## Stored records

%%

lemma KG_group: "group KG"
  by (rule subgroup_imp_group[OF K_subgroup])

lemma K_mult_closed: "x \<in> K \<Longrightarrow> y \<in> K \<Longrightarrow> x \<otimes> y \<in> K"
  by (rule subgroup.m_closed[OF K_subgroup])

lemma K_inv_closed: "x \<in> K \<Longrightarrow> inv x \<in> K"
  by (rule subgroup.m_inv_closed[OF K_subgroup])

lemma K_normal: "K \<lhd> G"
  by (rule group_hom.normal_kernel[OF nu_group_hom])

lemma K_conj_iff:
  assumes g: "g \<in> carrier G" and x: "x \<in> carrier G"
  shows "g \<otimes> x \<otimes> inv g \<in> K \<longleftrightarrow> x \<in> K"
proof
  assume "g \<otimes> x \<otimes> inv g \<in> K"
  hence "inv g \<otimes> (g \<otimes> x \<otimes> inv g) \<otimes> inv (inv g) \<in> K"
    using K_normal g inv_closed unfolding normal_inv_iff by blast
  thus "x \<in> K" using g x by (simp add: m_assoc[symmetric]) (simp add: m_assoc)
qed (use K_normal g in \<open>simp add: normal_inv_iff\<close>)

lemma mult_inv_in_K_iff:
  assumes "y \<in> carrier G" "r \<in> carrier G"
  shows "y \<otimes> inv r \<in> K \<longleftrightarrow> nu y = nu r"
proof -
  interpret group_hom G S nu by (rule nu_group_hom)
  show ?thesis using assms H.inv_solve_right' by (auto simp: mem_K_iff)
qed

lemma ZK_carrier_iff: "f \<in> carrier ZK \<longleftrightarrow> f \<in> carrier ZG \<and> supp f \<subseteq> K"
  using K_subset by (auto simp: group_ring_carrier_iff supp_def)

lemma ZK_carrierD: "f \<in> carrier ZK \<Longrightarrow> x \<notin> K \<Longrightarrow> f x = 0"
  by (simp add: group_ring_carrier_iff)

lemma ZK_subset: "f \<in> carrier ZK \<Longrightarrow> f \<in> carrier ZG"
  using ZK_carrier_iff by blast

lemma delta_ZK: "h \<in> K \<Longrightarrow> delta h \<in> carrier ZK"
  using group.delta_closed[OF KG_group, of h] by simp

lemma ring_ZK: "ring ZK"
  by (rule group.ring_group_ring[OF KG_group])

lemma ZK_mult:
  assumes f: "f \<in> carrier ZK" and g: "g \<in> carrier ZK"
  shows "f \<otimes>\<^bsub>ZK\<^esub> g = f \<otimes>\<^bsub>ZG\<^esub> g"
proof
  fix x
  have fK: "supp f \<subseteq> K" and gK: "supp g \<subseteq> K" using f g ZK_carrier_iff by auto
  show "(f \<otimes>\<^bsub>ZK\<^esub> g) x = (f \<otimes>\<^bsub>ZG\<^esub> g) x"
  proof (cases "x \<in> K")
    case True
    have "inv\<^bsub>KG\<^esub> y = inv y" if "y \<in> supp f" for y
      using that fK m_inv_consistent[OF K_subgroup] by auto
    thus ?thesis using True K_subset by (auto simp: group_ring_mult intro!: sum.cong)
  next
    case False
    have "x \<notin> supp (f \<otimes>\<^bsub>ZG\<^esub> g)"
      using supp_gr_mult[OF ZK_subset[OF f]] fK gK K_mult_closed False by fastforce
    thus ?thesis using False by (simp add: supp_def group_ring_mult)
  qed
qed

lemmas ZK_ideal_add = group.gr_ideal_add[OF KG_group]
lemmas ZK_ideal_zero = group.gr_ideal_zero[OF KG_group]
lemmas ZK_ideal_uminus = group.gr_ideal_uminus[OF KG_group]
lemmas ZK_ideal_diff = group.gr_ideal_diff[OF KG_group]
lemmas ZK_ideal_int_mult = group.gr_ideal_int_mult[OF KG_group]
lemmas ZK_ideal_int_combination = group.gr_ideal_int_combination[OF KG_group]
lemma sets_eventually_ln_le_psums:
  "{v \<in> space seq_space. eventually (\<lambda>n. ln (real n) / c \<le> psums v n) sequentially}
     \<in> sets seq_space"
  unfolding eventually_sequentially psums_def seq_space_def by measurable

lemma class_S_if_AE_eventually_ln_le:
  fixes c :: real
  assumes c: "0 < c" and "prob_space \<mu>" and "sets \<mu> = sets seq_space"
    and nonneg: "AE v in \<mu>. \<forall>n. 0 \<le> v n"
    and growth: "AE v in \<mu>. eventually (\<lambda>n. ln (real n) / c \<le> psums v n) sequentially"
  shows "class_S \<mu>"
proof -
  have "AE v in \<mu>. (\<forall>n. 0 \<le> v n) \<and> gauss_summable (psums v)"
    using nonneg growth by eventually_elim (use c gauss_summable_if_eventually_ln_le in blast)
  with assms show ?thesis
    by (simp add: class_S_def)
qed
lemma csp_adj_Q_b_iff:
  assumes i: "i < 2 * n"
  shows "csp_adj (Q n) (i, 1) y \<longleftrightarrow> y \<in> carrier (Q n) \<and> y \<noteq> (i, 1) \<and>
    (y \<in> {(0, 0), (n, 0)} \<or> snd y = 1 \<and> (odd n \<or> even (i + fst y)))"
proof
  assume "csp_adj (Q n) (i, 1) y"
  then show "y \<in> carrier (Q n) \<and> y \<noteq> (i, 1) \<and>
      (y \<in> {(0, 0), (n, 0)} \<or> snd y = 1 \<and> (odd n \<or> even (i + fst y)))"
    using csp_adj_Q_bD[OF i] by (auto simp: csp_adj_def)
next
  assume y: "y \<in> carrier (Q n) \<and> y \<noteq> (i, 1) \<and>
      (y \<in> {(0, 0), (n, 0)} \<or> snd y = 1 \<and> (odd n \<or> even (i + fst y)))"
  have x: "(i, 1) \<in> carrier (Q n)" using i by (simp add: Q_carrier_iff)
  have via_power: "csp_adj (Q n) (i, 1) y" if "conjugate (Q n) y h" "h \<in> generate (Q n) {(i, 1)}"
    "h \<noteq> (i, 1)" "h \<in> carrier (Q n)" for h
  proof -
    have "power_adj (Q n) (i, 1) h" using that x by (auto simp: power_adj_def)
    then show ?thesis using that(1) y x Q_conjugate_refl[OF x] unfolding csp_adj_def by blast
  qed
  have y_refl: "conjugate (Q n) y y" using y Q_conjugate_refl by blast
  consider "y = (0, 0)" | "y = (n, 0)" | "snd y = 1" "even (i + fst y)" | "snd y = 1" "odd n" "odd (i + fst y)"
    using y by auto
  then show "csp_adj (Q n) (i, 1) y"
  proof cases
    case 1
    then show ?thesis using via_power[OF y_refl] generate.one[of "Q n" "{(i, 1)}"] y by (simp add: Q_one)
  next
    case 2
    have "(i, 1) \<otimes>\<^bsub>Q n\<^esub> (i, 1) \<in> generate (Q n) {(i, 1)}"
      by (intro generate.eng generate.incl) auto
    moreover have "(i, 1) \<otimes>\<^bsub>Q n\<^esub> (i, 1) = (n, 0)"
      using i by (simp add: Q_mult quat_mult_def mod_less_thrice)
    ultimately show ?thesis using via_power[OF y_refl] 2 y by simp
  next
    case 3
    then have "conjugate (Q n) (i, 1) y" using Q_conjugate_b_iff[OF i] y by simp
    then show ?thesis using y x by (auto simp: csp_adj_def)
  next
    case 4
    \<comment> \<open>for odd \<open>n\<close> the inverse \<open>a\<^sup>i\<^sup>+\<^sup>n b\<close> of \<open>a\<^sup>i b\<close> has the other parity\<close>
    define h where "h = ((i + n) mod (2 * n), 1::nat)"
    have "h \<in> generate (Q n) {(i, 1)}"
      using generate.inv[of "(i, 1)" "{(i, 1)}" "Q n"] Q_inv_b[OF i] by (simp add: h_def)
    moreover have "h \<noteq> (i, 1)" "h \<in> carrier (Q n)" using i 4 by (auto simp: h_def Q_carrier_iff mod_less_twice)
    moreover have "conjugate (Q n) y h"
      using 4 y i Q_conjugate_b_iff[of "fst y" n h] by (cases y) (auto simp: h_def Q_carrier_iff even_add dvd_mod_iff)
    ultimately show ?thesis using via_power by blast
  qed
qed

%%

## Action item
Beginning at the first line of the records, give again each line exactly as written, ending with the line that contains "K \<Longrightarrow> inv".

## Solution to the problem
lemma KG_group: "group KG"
  by (rule subgroup_imp_group[OF K_subgroup])

lemma K_mult_closed: "x \<in> K \<Longrightarrow> y \<in> K \<Longrightarrow> x \<otimes> y \<in> K"
  by (rule subgroup.m_closed[OF K_subgroup])

lemma K_inv_closed: "x \<in> K \<Longrightarrow> inv x \<in> K"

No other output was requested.